(* Let $X$ be a connected $k$-regular graph and $U$ the transition matrix of the Grover walk on $X$. Let $\lambda$ be an eigenvalue of $A(X)$ with $\lambda\neq\pm k$, let $E_\lambda$ be the orthogonal projection onto the $\lambda$-eigenspace of $A(X)$, and write $\lambda=k\cos\theta$ with $\theta\in(0,\pi)$. Then $e^{i\theta}$ and $e^{-i\theta}$ are eigenvalues of $U$, and if $F_{\theta_+}$ and $F_{\theta_-}$ denote the orthogonal projections onto the $e^{i\theta}$- and $e^{-i\theta}$-eigenspaces of $U$ respectively, then $F_{\theta_+}-F_{\theta_-}$ is a purely imaginary scalar multiple of \[D_t^TE_\lambda D_h - D_h^TE_\lambda D_t.\]
   Context: Each edge $\{a,b\}$ of $X$ is replaced by arcs $(a,b)$ and $(b,a)$. The line digraph $\mathrm{LD}(X)$ has the arcs as vertices, with an arc from $(a,b)$ to $(c,d)$ iff $b=c$; $A(\mathrm{LD}(X))$ is its $01$-adjacency matrix. $R$ is the permutation matrix on arcs mapping $(a,b)$ to $(b,a)$. The transition matrix of the Grover walk is $U=\frac{2}{k}A(\mathrm{LD}(X))-R$ (a real orthogonal matrix). $D_t$ and $D_h$ have rows indexed by vertices and columns by arcs: $(D_t)_{u,(a,b)}=1$ iff $u=a$, $(D_h)_{u,(a,b)}=1$ iff $u=b$, and $0$ otherwise. *)

theory Defs
  imports Complex_Main
begin

text \<open>Finite simple graphs: vertex set is a finite type, adjacency a symmetric irreflexive relation.
  Matrices are functions of two indices, considered only on explicit finite index sets.\<close>

definition simple_graph :: "('v \<Rightarrow> 'v \<Rightarrow> bool) \<Rightarrow> bool" where
  "simple_graph E \<longleftrightarrow> (\<forall>a b. E a b \<longrightarrow> E b a) \<and> (\<forall>a. \<not> E a a)"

----------------------------------------

WORK INSTRUCTIONS:
Here the job is to restate all of the data word for word.

RESPONSE AREA:
(* Let $X$ be a connected $k$-regular graph and $U$ the transition matrix of the Grover walk on $X$. Let $\lambda$ be an eigenvalue of $A(X)$ with $\lambda\neq\pm k$, let $E_\lambda$ be the orthogonal projection onto the $\lambda$-eigenspace of $A(X)$, and write $\lambda=k\cos\theta$ with $\theta\in(0,\pi)$. Then $e^{i\theta}$ and $e^{-i\theta}$ are eigenvalues of $U$, and if $F_{\theta_+}$ and $F_{\theta_-}$ denote the orthogonal projections onto the $e^{i\theta}$- and $e^{-i\theta}$-eigenspaces of $U$ respectively, then $F_{\theta_+}-F_{\theta_-}$ is a purely imaginary scalar multiple of \[D_t^TE_\lambda D_h - D_h^TE_\lambda D_t.\]
   Context: Each edge $\{a,b\}$ of $X$ is replaced by arcs $(a,b)$ and $(b,a)$. The line digraph $\mathrm{LD}(X)$ has the arcs as vertices, with an arc from $(a,b)$ to $(c,d)$ iff $b=c$; $A(\mathrm{LD}(X))$ is its $01$-adjacency matrix. $R$ is the permutation matrix on arcs mapping $(a,b)$ to $(b,a)$. The transition matrix of the Grover walk is $U=\frac{2}{k}A(\mathrm{LD}(X))-R$ (a real orthogonal matrix). $D_t$ and $D_h$ have rows indexed by vertices and columns by arcs: $(D_t)_{u,(a,b)}=1$ iff $u=a$, $(D_h)_{u,(a,b)}=1$ iff $u=b$, and $0$ otherwise. *)

theory Defs
  imports Complex_Main
begin

text \<open>Finite simple graphs: vertex set is a finite type, adjacency a symmetric irreflexive relation.
  Matrices are functions of two indices, considered only on explicit finite index sets.\<close>

definition simple_graph :: "('v \<Rightarrow> 'v \<Rightarrow> bool) \<Rightarrow> bool" where
  "simple_graph E \<longleftrightarrow> (\<forall>a b. E a b \<longrightarrow> E b a) \<and> (\<forall>a. \<not> E a a)"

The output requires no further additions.